The contribution of computerized impedance cardiography in monitoring and differentiating cardiovascular responses to pharmacologic stress after the administration of dipyridamole (group 1, n = 24) or dobutamine (group 2, n = 26) was investigated during stress echocardiography. Heart rate, stroke volume index, cardiac index and systemic vascular resistance index were evaluated continuously with an automated, computerized, signal-averaged impedance cardiography system.

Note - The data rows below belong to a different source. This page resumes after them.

lemma singular_value_mat_nonzero_prefix:
  assumes s: "singular_value_mat m1 m2 s"
  obtains r where "r \<le> min m1 m2" "\<And>j. j < r \<Longrightarrow> s $$ (j,j) \<noteq> 0"
    "\<And>i j. r \<le> i \<Longrightarrow> i < m1 \<Longrightarrow> j < m2 \<Longrightarrow> s $$ (i,j) = 0"
proof -
  define r where "r = (LEAST j. j = min m1 m2 \<or> (j < min m1 m2 \<and> s $$ (j,j) = 0))"
  have r_le: "r \<le> min m1 m2" unfolding r_def by (rule Least_le) simp
  have r_zero: "r = min m1 m2 \<or> s $$ (r,r) = 0"
    unfolding r_def by (rule LeastI2[of _ "min m1 m2"]) auto
  have nonzero: "s $$ (j,j) \<noteq> 0" if "j < r" for j
    using not_less_Least[OF that[unfolded r_def]] r_le that by auto
  have "s $$ (j,j) = 0" if j: "r \<le> j" "j < min m1 m2" for j
  proof -
    have "Re (s $$ (j,j)) \<le> Re (s $$ (r,r))" "s $$ (j,j) \<in> \<real>" "0 \<le> Re (s $$ (j,j))"
      using s j unfolding singular_value_mat_def by auto
    moreover have "s $$ (r,r) = 0" using r_zero j by auto
    ultimately show ?thesis by (simp add: complex_eq_iff complex_is_Real_iff)
  qed
  then have "s $$ (i,j) = 0" if "r \<le> i" "i < m1" "j < m2" for i j
    using s that unfolding singular_value_mat_def diagonal_mat_def by (cases "i = j") auto
  then show ?thesis using that r_le nonzero by blast
qed

lemma diagonal_mat_pad_rows:
  assumes s: "s \<in> carrier_mat n1 n2" and s': "s' \<in> carrier_mat k n2" and k: "k \<le> n1"
    and pad: "\<And>i j. i < n1 \<Longrightarrow> j < n2 \<Longrightarrow> s $$ (i,j) = (if i < k then s' $$ (i,j) else 0)"
  shows "diagonal_mat s \<longleftrightarrow> diagonal_mat s'"
proof
  have top: "s' $$ (i,j) = s $$ (i,j)" if "i < k" "j < n2" for i j
    using pad[of i j] that k by simp
  assume "diagonal_mat s"
  then show "diagonal_mat s'" using s s' k top unfolding diagonal_mat_def by auto
next
  assume "diagonal_mat s'"
  then show "diagonal_mat s" using s s' pad unfolding diagonal_mat_def by auto
qed

lemma singular_value_mat_pad_rows:
  assumes s: "s \<in> carrier_mat n1 n2" and s': "s' \<in> carrier_mat k n2" and k: "k \<le> n1"
    and pad: "\<And>i j. i < n1 \<Longrightarrow> j < n2 \<Longrightarrow> s $$ (i,j) = (if i < k then s' $$ (i,j) else 0)"
  shows "singular_value_mat n1 n2 s \<longleftrightarrow> singular_value_mat k n2 s'"
proof -
  have top: "s' $$ (i,j) = s $$ (i,j)" if "i < k" "j < n2" for i j
    using pad[of i j] that k by simp
  have diag: "s $$ (i,i) = (if i < min k n2 then s' $$ (i,i) else 0)" if "i < min n1 n2" for i
    using pad[of i i] that by simp
  have diagonal: "diagonal_mat s \<longleftrightarrow> diagonal_mat s'" by (rule diagonal_mat_pad_rows[OF assms])
  have diag_all: "(\<forall>i<min n1 n2. P (s $$ (i,i))) \<longleftrightarrow> (\<forall>i<min k n2. P (s' $$ (i,i)))"
    if "P 0" for P
  proof
    assume "\<forall>i<min n1 n2. P (s $$ (i,i))"
    then show "\<forall>i<min k n2. P (s' $$ (i,i))" using k top by auto
  next
    assume "\<forall>i<min k n2. P (s' $$ (i,i))"
    then show "\<forall>i<min n1 n2. P (s $$ (i,i))" using diag \<open>P 0\<close> by simp
  qed
  have sign: "(\<forall>i<min n1 n2. s $$ (i,i) \<in> \<real> \<and> 0 \<le> Re (s $$ (i,i))) \<longleftrightarrow>
      (\<forall>i<min k n2. s' $$ (i,i) \<in> \<real> \<and> 0 \<le> Re (s' $$ (i,i)))"
    by (rule diag_all) simp
  have order: "(\<forall>i i'. i \<le> i' \<and> i' < min n1 n2 \<longrightarrow> Re (s $$ (i',i')) \<le> Re (s $$ (i,i))) \<longleftrightarrow>
      (\<forall>i i'. i \<le> i' \<and> i' < min k n2 \<longrightarrow> Re (s' $$ (i',i')) \<le> Re (s' $$ (i,i)))"
    if nonneg: "\<forall>i<min k n2. s' $$ (i,i) \<in> \<real> \<and> 0 \<le> Re (s' $$ (i,i))"
  proof
    assume "\<forall>i i'. i \<le> i' \<and> i' < min n1 n2 \<longrightarrow> Re (s $$ (i',i')) \<le> Re (s $$ (i,i))"
    then show "\<forall>i i'. i \<le> i' \<and> i' < min k n2 \<longrightarrow> Re (s' $$ (i',i')) \<le> Re (s' $$ (i,i))"
      using k top by auto
  next
    assume ord: "\<forall>i i'. i \<le> i' \<and> i' < min k n2 \<longrightarrow> Re (s' $$ (i',i')) \<le> Re (s' $$ (i,i))"
    show "\<forall>i i'. i \<le> i' \<and> i' < min n1 n2 \<longrightarrow> Re (s $$ (i',i')) \<le> Re (s $$ (i,i))"
    proof (intro allI impI)
      fix i i' assume "i \<le> i' \<and> i' < min n1 n2"
      then show "Re (s $$ (i',i')) \<le> Re (s $$ (i,i))"
        using diag[of i] diag[of i'] ord nonneg by (cases "i' < min k n2") auto
    qed
  qed
  show ?thesis
    unfolding singular_value_mat_def
      by (intro conj_cong) (simp_all only: s s' diagonal sign order simp_thms)
qed
lemma br_scale_left:
  assumes "x \<in> V" "z \<in> V"
  shows "br (scaleU k x) z = scaleU k (br x z)"
proof -
  obtain A u C c where xz: "x = (A, u)" "z = (C, c)" by (cases x, cases z) auto
  then have h: "is_op Bs A" "u \<in> lie_poly Bs" "is_op Bs C" "c \<in> lie_poly Bs"
    using assms by (auto simp: Ucar_iff)
  have "br_ops (\<lambda>w c. k * A w c) C = (\<lambda>w c. k * br_ops A C w c)"
    using br_ops_lincomb_left[of A A k 0 C] h by (simp add: is_op_finite_supp_vals)
  then show ?thesis
    unfolding xz scaleU_Pair br_Pair
    by (simp add: act_scale_op[OF h(1,4)] act_scale_lie[OF h(3,2)] tbr_scale_left scaleU_add scaleU_diff
        scaleU_Pair zero_fun_def)
qed

lemma br_scale_right:
  assumes "x \<in> V" "z \<in> V"
  shows "br z (scaleU k x) = scaleU k (br z x)"
proof -
  obtain A u C c where xz: "x = (A, u)" "z = (C, c)" by (cases x, cases z) auto
  then have h: "is_op Bs A" "u \<in> lie_poly Bs" "is_op Bs C" "c \<in> lie_poly Bs"
    using assms by (auto simp: Ucar_iff)
  have "br_ops C (\<lambda>w c. k * A w c) = (\<lambda>w c. k * br_ops C A w c)"
    using br_ops_lincomb_right[of A A C k 0] h by (simp add: is_op_finite_supp_vals)
  then show ?thesis
    unfolding xz scaleU_Pair br_Pair
    by (simp add: act_scale_op[OF h(1,4)] act_scale_lie[OF h(3,2)] tbr_scale_right scaleU_add scaleU_diff
        scaleU_Pair zero_fun_def)
qed

lemma jacobiator_scale3: "x \<in> V \<Longrightarrow> y \<in> V \<Longrightarrow> z \<in> V \<Longrightarrow> jacobiator x y (scaleU k z) = scaleU k (jacobiator x y z)"
  by (simp add: jacobiator_def br_scale_left br_scale_right V_br V_scale scaleU_add)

Dipyridamole had little average effect on heart rate, stroke volume index, and cardiac index. The responses were similar in patients with positive (n = 9) or negative (n = 15) stress echocardiography test results (as characterized by echocardiographic wall-motion abnormalities). Dobutamine induced a similar mean increase in heart rate in patients with negative (n = 13) or positive (n = 13) results on stress echocardiography. The mean increase in stroke volume index induced by dobutamine was greater in patients with negative stress echocardiography test results than in patients with stress-induced wall-motion abnormalities. This distinction was also seen in the cardiac index; the mean change in patients with negative stress echocardiography test results was larger than in patients with positive results. It is concluded that automated computerized impedance cardiography not only allows surveying and monitoring hemodynamic changes during pharmacologic stress echocardiography but also contributes to differentiation of pathologic stress responses.

摘要

在负荷超声心动图检查期间,研究了计算机化阻抗心动图在监测和区分双嘧达莫(第1组,n = 24)或多巴酚丁胺(第2组,n = 26)给药后心血管对药物应激反应方面的作用。使用自动化、计算机化、信号平均阻抗心动图系统持续评估心率、每搏量指数、心脏指数和全身血管阻力指数。双嘧达莫对心率、每搏量指数和心脏指数的平均影响较小。在负荷超声心动图检查结果为阳性(n = 9)或阴性(n = 15)的患者中(以超声心动图壁运动异常为特征),反应相似。多巴酚丁胺在负荷超声心动图检查结果为阴性(n = 13)或阳性(n = 13)的患者中引起的心率平均升高相似。多巴酚丁胺引起的每搏量指数平均升高在负荷超声心动图检查结果为阴性的患者中大于有应激诱导壁运动异常的患者。在心脏指数方面也观察到这种差异;负荷超声心动图检查结果为阴性的患者的平均变化大于阳性结果的患者。结论是,自动化计算机化阻抗心动图不仅允许在药物负荷超声心动图检查期间监测血流动力学变化,而且有助于区分病理性应激反应。